While using a tool like STACKS to collect and study the musings, retorts, and marketing messages sent and received by a field of 2016 presidential candidates certainly sounds like serious academic work, Hemsley also defends the relevance of social media’s apparently frivolous side—Justin Beiber’s 30,000 tweets to almost 70 million followers, or the popularity of anything cat related, for example.

“If a million people are talking about Justin Bieber, he’s reflecting something that is interesting or relevant about the culture today,” Hemsley said. “Some people might feel like tweeting about cats or Justin Bieber is trivial, but if enough people are doing it, there’s something there. It’s reflecting something that society thinks is important.

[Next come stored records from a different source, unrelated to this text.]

lemma canon_Imp_iff:
  assumes "\<Gamma> \<in> canon_worlds"
  shows "Imp a b \<in> \<Gamma> \<longleftrightarrow> (\<forall>\<Delta>. canon_le \<Gamma> \<Delta> \<longrightarrow> a \<in> \<Delta> \<longrightarrow> b \<in> \<Delta>)"
proof
  assume "Imp a b \<in> \<Gamma>"
  then show "\<forall>\<Delta>. canon_le \<Gamma> \<Delta> \<longrightarrow> a \<in> \<Delta> \<longrightarrow> b \<in> \<Delta>"
    unfolding canon_le_def canon_worlds_def using prime_theory_mp by blast
next
  assume ext: "\<forall>\<Delta>. canon_le \<Gamma> \<Delta> \<longrightarrow> a \<in> \<Delta> \<longrightarrow> b \<in> \<Delta>"
  show "Imp a b \<in> \<Gamma>"
  proof (rule ccontr)
    assume "Imp a b \<notin> \<Gamma>"
    then have "\<not> derives (insert a \<Gamma>) b"
      using assms derives_ImpI prime_theory_derives unfolding canon_worlds_def by blast
    then obtain \<Delta> where "insert a \<Gamma> \<subseteq> \<Delta>" "prime_theory \<Delta>" "b \<notin> \<Delta>"
      by (rule prime_extension)
    then show False
      using ext assms unfolding canon_le_def canon_worlds_def by blast
  qed
qed

lemma canon_Cond_iff:
  assumes "\<Gamma> \<in> canon_worlds"
  shows "Cond a b \<in> \<Gamma> \<longleftrightarrow> (\<forall>\<Delta>. canon_R (worlds_containing a) \<Gamma> \<Delta> \<longrightarrow> b \<in> \<Delta>)"
proof
  assume ab: "Cond a b \<in> \<Gamma>"
  show "\<forall>\<Delta>. canon_R (worlds_containing a) \<Gamma> \<Delta> \<longrightarrow> b \<in> \<Delta>"
  proof (intro allI impI)
    fix \<Delta> assume "canon_R (worlds_containing a) \<Gamma> \<Delta>"
    then obtain f where f: "worlds_containing a = worlds_containing f" "{b. Cond f b \<in> \<Gamma>} \<subseteq> \<Delta>"
      unfolding canon_R_def by blast
    have "Iff (Cond a b) (Cond f b) \<in> ICK"
      by (rule ICK.congL[OF ICK_Iff_if_worlds_containing_eq[OF f(1)]])
    then have "Cond f b \<in> \<Gamma>"
      using ab assms prime_theory_Iff unfolding canon_worlds_def by blast
    then show "b \<in> \<Delta>"
      using f(2) by blast
  qed
next
  assume ext: "\<forall>\<Delta>. canon_R (worlds_containing a) \<Gamma> \<Delta> \<longrightarrow> b \<in> \<Delta>"
  show "Cond a b \<in> \<Gamma>"
  proof (rule ccontr)
    assume "Cond a b \<notin> \<Gamma>"
    then have "\<not> derives {c. Cond a c \<in> \<Gamma>} b"
      using assms prime_theory_Cond_derives unfolding canon_worlds_def by blast
    then obtain \<Delta> where "{c. Cond a c \<in> \<Gamma>} \<subseteq> \<Delta>" "prime_theory \<Delta>" "b \<notin> \<Delta>"
      by (rule prime_extension)
    then show False
      using ext assms unfolding canon_R_def canon_worlds_def by blast
  qed
qed

lemma canon_truth: "tset canon_worlds canon_le canon_R canon_val a = worlds_containing a"
proof (induction a)
  case (Var p)
  then show ?case by (auto simp: canon_val_def worlds_containing_def)
next
  case Bot
  then show ?case
    using prime_theory_Bot by (auto simp: worlds_containing_def canon_worlds_def)
next
  case (Conj a b)
  then show ?case
    using prime_theory_Conj_iff by (auto simp: worlds_containing_def canon_worlds_def)
next
  case (Disj a b)
  then show ?case
    using prime_theory_Disj_iff by (auto simp: worlds_containing_def canon_worlds_def)
next
  case (Imp a b)
  then show ?case
    using canon_Imp_iff by (auto simp: worlds_containing_def canon_le_def)
next
  case (Cond a b)
  then show ?case
    using canon_Cond_iff by (auto simp: worlds_containing_def canon_R_def)
qed

lemma cond_frame_canon:
  assumes "canon_worlds \<noteq> {}"
  shows "cond_frame canon_worlds canon_le canon_R"
  using assms unfolding cond_frame_def canon_le_def canon_R_def by blast

lemma upset_canon_val: "upset canon_worlds canon_le (canon_val p)"
  unfolding upset_def canon_val_def worlds_containing_def canon_le_def by blast

theorem ICK_if_cf_valid:
  assumes "cf_valid TYPE(form set) a"
  shows "a \<in> ICK"
proof (rule ccontr)
  assume "a \<notin> ICK"
  then have "\<not> derives {} a"
    using derives_empty_iff by blast
  then obtain \<Delta> where "prime_theory \<Delta>" "a \<notin> \<Delta>"
    by (rule prime_extension)
  then have "\<Delta> \<in> canon_worlds" "\<Delta> \<notin> worlds_containing a"
    unfolding canon_worlds_def worlds_containing_def by blast+
  moreover have "tset canon_worlds canon_le canon_R canon_val a = canon_worlds"
    using assms cond_frame_canon upset_canon_val \<open>\<Delta> \<in> canon_worlds\<close>
    unfolding cf_valid_def frame_valid_def by blast
  ultimately show False
    unfolding canon_truth by blast
qed

theorem theorem4p26:
  fixes \<phi> :: form
  shows "(\<phi> \<in> ICK \<longrightarrow> cf_valid TYPE('w) \<phi>)
       \<and> (cf_valid TYPE(form set) \<phi> \<longrightarrow> \<phi> \<in> ICK)"
  using frame_valid_if_ICK ICK_if_cf_valid unfolding cf_valid_def by blast

end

Maybe it’s our materialistic culture, maybe it’s ‘cuteness’ which is a basic part of humanity, or maybe it’s indicative of the fact that our culture, currently, is very celebrity driven. We look at celebrities. Why do we look at celebrities? Some people have said it’s because we think our own lives aren’t very interesting. Or maybe it’s because they’re doing something that we wish we could do. I don’t know. That’s not my area of specialty…. But Twitter is a reflection of what some portion of society thinks is important.”

Hemsley did note that social media research tends to collect information about a subset of the population that is very media oriented, and that different social media platforms such as Twitter, Instagram, and Facebook each attract a unique mix of age groups and demographics. Still, he suggested that studying online opinions and reactions, perhaps someday mining the Twitter Archive at the Library of Congress (LC)—which has been stalled as LC deals with technical and policy-related challenges regarding how it might provide access to every tweet posted since the service’s inception—could have significant implications in the future.

“A government, for example, that is mining social media could use that for good purposes, like figuring out what policies or projects and things are working and what isn’t,” he said. “Where could government help us, for instance?”

In contrast to the data mining potential of LC’s Twitter archive project, STACKS is more appropriate for targeted research projects focused on specific people or topics, such as the current field of presidential candidates. Written primarily in Python, STACKS uses a MongoDB NoSQL database, which handles unstructured and semi-structured data more easily than a traditional structured query language (SQL) relational database. The open source program is available on GitHub, and will run on Mac OSX or any Linux environment. Interested users would also need to install MongoDB, which is open source, and Python.